Debatte über ein weiteres beitragsfreies Kita-Jahr

Kempen : Kitas: Klee vermisst großen Wurf

Der Vorschlag des Landes für das zweite beitragsfreie Kita-Jahr stößt in Kempen nicht auf vollständige Gegenliebe.

Viele Familien wird es freuen. Die NRW-Landesregierung hat angekündigt, ein zweites beitragsfreies Kindergarten-Jahr einzuführen. Das bedeutet, dass Eltern ab 2020/21 auch für das vorletzte Kindergartenjahr vor der Einschulung keine Beiträge bezahlen müssen. Derzeit ist nur das letzte Kita-Jahr eines Kindes frei. Das Land trage die Kosten in Höhe von rund 210 Millionen Euro, heißt es in der Ankündigung von NRW-Familienminister Joachim Stamp (FDP).

Bei Kempens Dezernent Michael Klee hält sich die große Freude allerdings in Grenzen. Die Lösung sei nicht der große Wurf, den er sich vom Land erhofft hatte. „Ich hätte erwartet, dass das Land Parameter für die Vereinheitlichung der Gebühren festsetzt“, so Klee.

Die Unterschiede zwischen den einzelnen Kommunen sind laut Klee gravierend. Einige Städte verzichten komplett auf einen Elternbeitrag, anderen haben verschiedenste Staffelungen nach Alter der Kinder, Einkommen und für Geschwister. Daher sei eine Vereinheitlichung durchaus komplex, so Klee. Sobald das Land Vorgaben macht, könnten die Kommunen verlangen, dass das Land auch die Kosten übernimmt. Eine generelle Beitragsfreiheit in NRW hat das Land vorerst ausgeschlossen. Nach Schätzungen des NRW-Familienministeriums würde dies 750 bis 800 Millionen Euro kosten.

Personelle Probleme
werden nicht gelöst

Kempens Dezernent hält es für besonders problematisch, dass er bisher keine Lösung sieht, um die personelle Frage zu lösen. Einer Studie für das Bundesfamilienministerium zufolge werden bis 2030 fast 200 000 Fachkräfte in Kindergärten und Grundschulen fehlen. Das Bundesfamilienministerium hat bereits ein Förderprogramm angekündigt.
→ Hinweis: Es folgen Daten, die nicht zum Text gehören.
(* Let $S$ be a finite generating $2$-separable subset of an abelian group $G$ with $1\in S$ and $\mu(S)\le0$. Assume moreover that $|S|\ne|G|-6$ if $\mu(S)=0$. Let $M$ be a $2$-atom of $S$ with $1\in M$ which is not a subgroup. Then $|M|=2$.
   Context: For a group $G$ and $S\subseteq G$, $\mathrm{Cay}(G,S)$ is the graph on $G$ with arcs $(x,y)$, $x^{-1}y\in S$; the image of $X$ is $XS$. For a reflexive locally finite graph $\Gamma=(V,E)$, $\partial(X)=\Gamma(X)\setminus X$; $\Gamma$ is $k$-separable if some finite $X$ has $|X|\ge k$ and $|V\setminus\Gamma(X)|\ge k$; then $\kappa_k(\Gamma)=\min\{|\partial(X)|: X\text{ finite},|X|\ge k,|V\setminus\Gamma(X)|\ge k\}$, a $k$-fragment is such an $X$ attaining the minimum, and a $k$-atom is a $k$-fragment of minimum cardinality. For $S$ with $1\in S$, these notions for $S$ refer to $\mathrm{Cay}(\langle S\rangle,S)$; $S$ is $k$-separable if this graph is. The defect is $\mu(S)=\kappa_2(S)-|S|$. (If $G$ is infinite, the condition $|S|\ne|G|-6$ is automatic.) *)

theory Defs
  imports "HOL-Algebra.Algebra"
begin

text \<open>Cayley graph Cay(<S>, S): vertex set <S> = generate Grp S, arcs (x, x s), s in S.
  The image (out-neighbourhood) of A is XS.\<close>

definition cay_image :: "('a, 'b) monoid_scheme \<Rightarrow> 'a set \<Rightarrow> 'a set \<Rightarrow> 'a set" where
  "cay_image Grp S A = (\<lambda>(x, s). x \<otimes>\<^bsub>Grp\<^esub> s) ` (A \<times> S)"

definition cay_boundary :: "('a, 'b) monoid_scheme \<Rightarrow> 'a set \<Rightarrow> 'a set \<Rightarrow> 'a set" where
  "cay_boundary Grp S A = cay_image Grp S A - A"

definition card_ge :: "'a set \<Rightarrow> nat \<Rightarrow> bool" where
  "card_ge A k \<longleftrightarrow> infinite A \<or> k \<le> card A"

definition k_admissible :: "('a, 'b) monoid_scheme \<Rightarrow> 'a set \<Rightarrow> nat \<Rightarrow> 'a set \<Rightarrow> bool" where
  "k_admissible Grp S k A \<longleftrightarrow> A \<subseteq> generate Grp S \<and> finite A \<and> k \<le> card A
     \<and> card_ge (generate Grp S - cay_image Grp S A) k"

definition k_separable :: "('a, 'b) monoid_scheme \<Rightarrow> 'a set \<Rightarrow> nat \<Rightarrow> bool" where
  "k_separable Grp S k \<longleftrightarrow> (\<exists>A. k_admissible Grp S k A)"

definition kappa :: "('a, 'b) monoid_scheme \<Rightarrow> 'a set \<Rightarrow> nat \<Rightarrow> nat" where
  "kappa Grp S k = (LEAST n. \<exists>A. k_admissible Grp S k A \<and> card (cay_boundary Grp S A) = n)"

definition k_fragment :: "('a, 'b) monoid_scheme \<Rightarrow> 'a set \<Rightarrow> nat \<Rightarrow> 'a set \<Rightarrow> bool" where
  "k_fragment Grp S k A \<longleftrightarrow> k_admissible Grp S k A \<and> card (cay_boundary Grp S A) = kappa Grp S k"

definition k_atom :: "('a, 'b) monoid_scheme \<Rightarrow> 'a set \<Rightarrow> nat \<Rightarrow> 'a set \<Rightarrow> bool" where
  "k_atom Grp S k A \<longleftrightarrow> k_fragment Grp S k A \<and> (\<forall>B. k_fragment Grp S k B \<longrightarrow> card A \<le> card B)"

definition defect :: "('a, 'b) monoid_scheme \<Rightarrow> 'a set \<Rightarrow> int" where
  "defect Grp S = int (kappa Grp S 2) - int (card S)"

end

theory Submission
  imports Defs
begin

(* For a finite set A write e(A) = |AS| - |A| for its excess; for finite A this is the size of
   the boundary of A in Cay(<S>, S). The excess is submodular and translation invariant, and
   kappa_2 is the least excess of a 2-admissible set; the defect hypothesis says kappa_2 <= |S|.

   1. General facts on Cayley images in an abelian group (locale abelian_cayley), including a
      duality: the image of the reflected complement g (G - QS)^-1 misses g Q^-1.
   2. For a 2-atom M containing 1 (locale cayley_atom): admissible sets smaller than M have
      excess > kappa_2, duality bounds |G| from below, and distinct translates of M meet in at
      most one point. If M is not a subgroup (locale cayley_nonsubgroup_atom) this holds for all
      translates Mg with g <> 1, so M is a Sidon set.
   3. Counting the quotients c m^-1 with c outside MS: if |M| >= 3, |G| <= 3|M| - 2 + kappa_2
      and |MM| >= 3|M| - 3, then |M| = 3, kappa_2 = |S| and |G| = |S| + 6.
   4. Unions of translates M, Mx, My (and Mz) of small excess show that every atom with
      |M| >= 3 satisfies these bounds; for |M| = 3 this needs y^3 = 1 in one subcase.
   Since |M| >= 2, an atom with |M| <> 2 would give defect 0 and |S| = |G| - 6, which the
   hypotheses exclude. *)

lemma (in comm_group) div_eq_div_iff:
  assumes "a \<in> carrier G" "b \<in> carrier G" "c \<in> carrier G" "d \<in> carrier G"
  shows "a \<otimes> inv b = c \<otimes> inv d \<longleftrightarrow> a \<otimes> d = c \<otimes> b"
proof -
  have cancel: "(x \<otimes> inv y) \<otimes> (b \<otimes> d) = x \<otimes> z"
    if "x \<in> carrier G" "y \<in> carrier G" "z \<in> carrier G" "b \<otimes> d = y \<otimes> z" for x y z
    using that by (simp add: m_assoc[symmetric]) (simp add: m_assoc)
  have "a \<otimes> inv b = c \<otimes> inv d \<longleftrightarrow> (a \<otimes> inv b) \<otimes> (b \<otimes> d) = (c \<otimes> inv d) \<otimes> (b \<otimes> d)"
    using assms by simp
  also have "\<dots> \<longleftrightarrow> a \<otimes> d = c \<otimes> b"
    using assms cancel[of a b d] cancel[of c d b] by (simp add: m_comm)
  finally show ?thesis .
qed

lemma (in group) inj_on_div: "g \<in> carrier G \<Longrightarrow> inj_on (\<lambda>m. g \<otimes> inv m) (carrier G)"
  by (rule inj_onI) (metis Units_eq Units_l_cancel inv_closed inv_inv)

lemma (in group) inj_on_shift: "g \<in> carrier G \<Longrightarrow> inj_on (\<lambda>a. a \<otimes> g) (carrier G)"
  by (rule inj_onI) simp

lemma (in group) inj_on_lmult: "g \<in> carrier G \<Longrightarrow> inj_on (\<lambda>a. g \<otimes> a) (carrier G)"
  by (rule inj_onI) (metis inv_closed l_inv l_one m_assoc)

text \<open>If right multiplication by \<open>y\<close> permutes a finite set \<open>P\<close>, then \<open>y\<^sup>|\<^sup>P\<^sup>| = \<one>\<close>:
  compare the products of the elements of \<open>P\<close> and of \<open>Py\<close>.\<close>
lemma (in comm_group) pow_card_of_stable_set:
  assumes P: "finite P" "P \<subseteq> carrier G" and y: "y \<in> carrier G" and stable: "(\<lambda>p. p \<otimes> y) ` P = P"
  shows "y [^] card P = \<one>"
proof -
  have PG: "(\<lambda>p. p) \<in> P \<rightarrow> carrier G" using P by auto
  have "finprod G (\<lambda>p. p) P = finprod G (\<lambda>p. p) ((\<lambda>p. p \<otimes> y) ` P)" using stable by simp
  also have "\<dots> = finprod G (\<lambda>p. p \<otimes> y) P"
    using P y by (intro finprod_reindex inj_on_subset[OF inj_on_shift]) auto
  also have "\<dots> = finprod G (\<lambda>p. p) P \<otimes> y [^] card P"
    using finprod_multf[OF PG, of "\<lambda>_. y"] finprod_const[OF y, of P] y by simp
  finally show ?thesis using PG y by simp
qed

lemma exists_not_in_smaller: "finite F \<Longrightarrow> card F < card A \<Longrightarrow> \<exists>a\<in>A. a \<notin> F"
  using card_mono by (metis leD subsetI)

lemma card_ge_mono: "card_ge A k \<Longrightarrow> A \<subseteq> B \<Longrightarrow> card_ge B k"
  unfolding card_ge_def by (meson card_mono infinite_super le_trans)

lemma card_ge_finite: "card_ge A k \<Longrightarrow> finite A \<Longrightarrow> k \<le> card A"
  unfolding card_ge_def by auto

lemma card_ge_image: "inj_on f A \<Longrightarrow> card_ge A k \<Longrightarrow> card_ge (f ` A) k"
  unfolding card_ge_def by (simp add: card_image finite_image_iff)

locale abelian_cayley = comm_group G for G (structure) +
  fixes S :: "'a set"
  assumes finite_S: "finite S" and S_carrier: "S \<subseteq> carrier G" and one_in_S: "\<one> \<in> S"
    and S_generates: "generate G S = carrier G"
begin

abbreviation img :: "'a set \<Rightarrow> 'a set" where "img \<equiv> cay_image G S"
abbreviation admissible :: "'a set \<Rightarrow> bool" where "admissible \<equiv> k_admissible G S 2"
abbreviation kappa2 :: nat where "kappa2 \<equiv> kappa G S 2"

definition excess :: "'a set \<Rightarrow> int" where
  "excess A = int (card (img A)) - int (card A)"

definition shift :: "'a \<Rightarrow> 'a set \<Rightarrow> 'a set" where
  "shift g A = (\<lambda>a. a \<otimes> g) ` A"

lemma img_iff: "z \<in> img A \<longleftrightarrow> (\<exists>a\<in>A. \<exists>s\<in>S. z = a \<otimes> s)"
  unfolding cay_image_def by auto

lemma img_carrier: "A \<subseteq> carrier G \<Longrightarrow> img A \<subseteq> carrier G"
  using S_carrier by (auto simp: img_iff intro!: m_closed)

lemma finite_img: "finite A \<Longrightarrow> finite (img A)"
  unfolding cay_image_def using finite_S by auto

lemma subset_img: "A \<subseteq> carrier G \<Longrightarrow> A \<subseteq> img A"
  using one_in_S by (force simp: img_iff)

lemma img_mono: "A \<subseteq> B \<Longrightarrow> img A \<subseteq> img B"
  unfolding cay_image_def by blast

lemma img_Un: "img (A \<union> B) = img A \<union> img B"
  unfolding cay_image_def by blast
Klee hofft, dass die offenen Fragen bei der Landesregierung parallel weiter angepackt werden. Zumindest geht der Dezernent nicht davon aus, dass das zweite beitragsfreie Jahr die Nachfrage verändern wird. Denn im Bereich der Kinder über drei Jahren – und die neue Regelung würde ja die Vierjährigen betreffen – rechnet man in Kempen ohnehin mit einer Versorgungsquote von 100 Prozent.

Das Geld vom Land wird wohl nicht die gesamten wegfallenden Elternbeiträge abdecken, schätzt Klee. Bisher ist es so, dass eine Pauschale gezahlt wird und 20 bis 30 Prozent der Kosten bei der Stadt hängenbleiben könnten. Diese Berechnung beziehe sich aber noch auf eine alte Satzung.

Kempen hat eine Gebührenstaffelung in 22 Stufen von „ab 20 000 Euro“ bis „über 125 000 Euro“ Jahreseinkommen.  Bis 20 000 Euro Jahreseinkommen zahlen Eltern nichts für den Kita-Platz, bis 25 000 Euro geht es bei 47 Euro für einen 45-Stunden-Platz für ein Kind über drei Jahren los (bei Kindern unter drei Jahren 59 Euro). Der Spitzensatz liegt bei 527 Euro (bei 45 Stunden für Kinder unter drei Jahren bei 673 Euro).

Lokalpolitisch sorgen die Kita-Gebühren immer wieder für Diskussionen. Zuletzt hatten sich die Mitglieder des Rates mit dem Antrag der Fraktion von Bündnis’90/Die Grünen befasst, die mit Blick auf die gute Haushaltslage gefordert hatte, die Beiträge um 15 Prozent zu senken. Knapp zwei Millionen Euro bringen die Elternbeiträge der Stadtkasse. Eine Mehrheit gab es für diesen Vorschlag allerdings nicht. Daher schauen auch die Kempener Politiker immer wieder nach Düsseldorf und erhoffen sich von dort eine Lösung.